**Required work**
Copy every entry. Do not alter a single word.

[[ Data shown open ]]

lemma flow_image_subset_V: "\<rho> \<in> lists I \<Longrightarrow> flow f \<rho> ` V \<subseteq> V"
  by (induction \<rho>) (use f_V in \<open>auto simp: image_subset_iff\<close>)

lemma inj_on_flow: "\<rho> \<in> lists I \<Longrightarrow> inj_on (flow f \<rho>) V"
proof (induction \<rho>)
  case Nil
  show ?case by simp
next
  case (Cons i \<rho>)
  then have "i \<in> I" "\<rho> \<in> lists I" "inj_on (flow f \<rho>) V"
    by auto
  then have "inj_on (f i \<circ> flow f \<rho>) V"
    using comp_inj_on inj_on_subset[OF inj_on_f flow_image_subset_V] by blast
  then show ?case by (simp only: flow.simps)
qed

lemma add_flow_mem_reachable_append:
  "\<rho> \<in> lists I \<Longrightarrow> x \<in> reachable f U \<rho> \<Longrightarrow> y \<in> reachable f U \<tau>
    \<Longrightarrow> x + flow f \<rho> y \<in> reachable f U (\<rho> @ \<tau>)"
proof (induction \<rho> arbitrary: x)
  case Nil
  then show ?case by simp
next
  case (Cons i \<rho>)
  then obtain x' u where x: "x = f i x' + u" "x' \<in> reachable f U \<rho>" "u \<in> U i" by auto
  have "x + flow f (i # \<rho>) y = f i (x' + flow f \<rho> y) + u"
    using x(1) endo.linear_add[OF linear_f] Cons.prems(1) by (simp add: algebra_simps)
  then show ?case
    using Cons x(2,3) by auto
qed

lemma reachable_subset_reachable_append:
  assumes "\<rho> \<in> lists I" "\<tau> \<in> lists I"
  shows "reachable f U \<rho> \<subseteq> reachable f U (\<rho> @ \<tau>)"
proof
  fix x assume "x \<in> reachable f U \<rho>"
  moreover have "0 \<in> reachable f U \<tau>"
    using subspace_0[OF subspace_reachable[OF assms(2)]] .
  ultimately have "x + flow f \<rho> 0 \<in> reachable f U (\<rho> @ \<tau>)"
    using add_flow_mem_reachable_append assms(1) by blast
  moreover have "flow f \<rho> 0 = 0"
    using endo.linear_0[OF linear_flow[OF assms(1)]] .
  ultimately show "x \<in> reachable f U (\<rho> @ \<tau>)"
    by simp
qed

lemma flow_reachable_subset_reachable_append:
  assumes "\<rho> \<in> lists I"
  shows "flow f \<rho> ` reachable f U \<tau> \<subseteq> reachable f U (\<rho> @ \<tau>)"
proof -
  have "0 \<in> reachable f U \<rho>"
    using subspace_0[OF subspace_reachable[OF assms]] .
  then show ?thesis
    using add_flow_mem_reachable_append[OF assms, of 0] by (auto simp del: reachable.simps)
qed

definition reach_span :: "nat \<Rightarrow> 'v set" where
  "reach_span k = span (\<Union>\<tau>\<in>{\<tau> \<in> lists I. length \<tau> \<le> k}. reachable f U \<tau>)"

lemma reachable_subset_reach_span:
  assumes "\<tau> \<in> lists I" "length \<tau> \<le> k"
  shows "reachable f U \<tau> \<subseteq> reach_span k"
proof -
  have "reachable f U \<tau> \<subseteq> (\<Union>\<sigma>\<in>{\<sigma> \<in> lists I. length \<sigma> \<le> k}. reachable f U \<sigma>)"
    using assms by blast
  then show ?thesis
    unfolding reach_span_def using span_superset by (rule order_trans)
qed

[[ Data shown closed ]]

**Solution for this task**
lemma flow_image_subset_V: "\<rho> \<in> lists I \<Longrightarrow> flow f \<rho> ` V \<subseteq> V"
  by (induction \<rho>) (use f_V in \<open>auto simp: image_subset_iff\<close>)

lemma inj_on_flow: "\<rho> \<in> lists I \<Longrightarrow> inj_on (flow f \<rho>) V"
proof (induction \<rho>)
  case Nil
  show ?case by simp
next
  case (Cons i \<rho>)
  then have "i \<in> I" "\<rho> \<in> lists I" "inj_on (flow f \<rho>) V"
    by auto
  then have "inj_on (f i \<circ> flow f \<rho>) V"
    using comp_inj_on inj_on_subset[OF inj_on_f flow_image_subset_V] by blast
  then show ?case by (simp only: flow.simps)
qed

lemma add_flow_mem_reachable_append:
  "\<rho> \<in> lists I \<Longrightarrow> x \<in> reachable f U \<rho> \<Longrightarrow> y \<in> reachable f U \<tau>
    \<Longrightarrow> x + flow f \<rho> y \<in> reachable f U (\<rho> @ \<tau>)"
proof (induction \<rho> arbitrary: x)
  case Nil
  then show ?case by simp
next
  case (Cons i \<rho>)
  then obtain x' u where x: "x = f i x' + u" "x' \<in> reachable f U \<rho>" "u \<in> U i" by auto
  have "x + flow f (i # \<rho>) y = f i (x' + flow f \<rho> y) + u"
    using x(1) endo.linear_add[OF linear_f] Cons.prems(1) by (simp add: algebra_simps)
  then show ?case
    using Cons x(2,3) by auto
qed

lemma reachable_subset_reachable_append:
  assumes "\<rho> \<in> lists I" "\<tau> \<in> lists I"
  shows "reachable f U \<rho> \<subseteq> reachable f U (\<rho> @ \<tau>)"
proof
  fix x assume "x \<in> reachable f U \<rho>"
  moreover have "0 \<in> reachable f U \<tau>"
    using subspace_0[OF subspace_reachable[OF assms(2)]] .
  ultimately have "x + flow f \<rho> 0 \<in> reachable f U (\<rho> @ \<tau>)"
    using add_flow_mem_reachable_append assms(1) by blast
  moreover have "flow f \<rho> 0 = 0"
    using endo.linear_0[OF linear_flow[OF assms(1)]] .
  ultimately show "x \<in> reachable f U (\<rho> @ \<tau>)"
    by simp
qed

lemma flow_reachable_subset_reachable_append:
  assumes "\<rho> \<in> lists I"
  shows "flow f \<rho> ` reachable f U \<tau> \<subseteq> reachable f U (\<rho> @ \<tau>)"
proof -
  have "0 \<in> reachable f U \<rho>"
    using subspace_0[OF subspace_reachable[OF assms]] .
  then show ?thesis
    using add_flow_mem_reachable_append[OF assms, of 0] by (auto simp del: reachable.simps)
qed

definition reach_span :: "nat \<Rightarrow> 'v set" where
  "reach_span k = span (\<Union>\<tau>\<in>{\<tau> \<in> lists I. length \<tau> \<le> k}. reachable f U \<tau>)"

lemma reachable_subset_reach_span:
  assumes "\<tau> \<in> lists I" "length \<tau> \<le> k"
  shows "reachable f U \<tau> \<subseteq> reach_span k"
proof -
  have "reachable f U \<tau> \<subseteq> (\<Union>\<sigma>\<in>{\<sigma> \<in> lists I. length \<sigma> \<le> k}. reachable f U \<sigma>)"
    using assms by blast
  then show ?thesis
    unfolding reach_span_def using span_superset by (rule order_trans)
qed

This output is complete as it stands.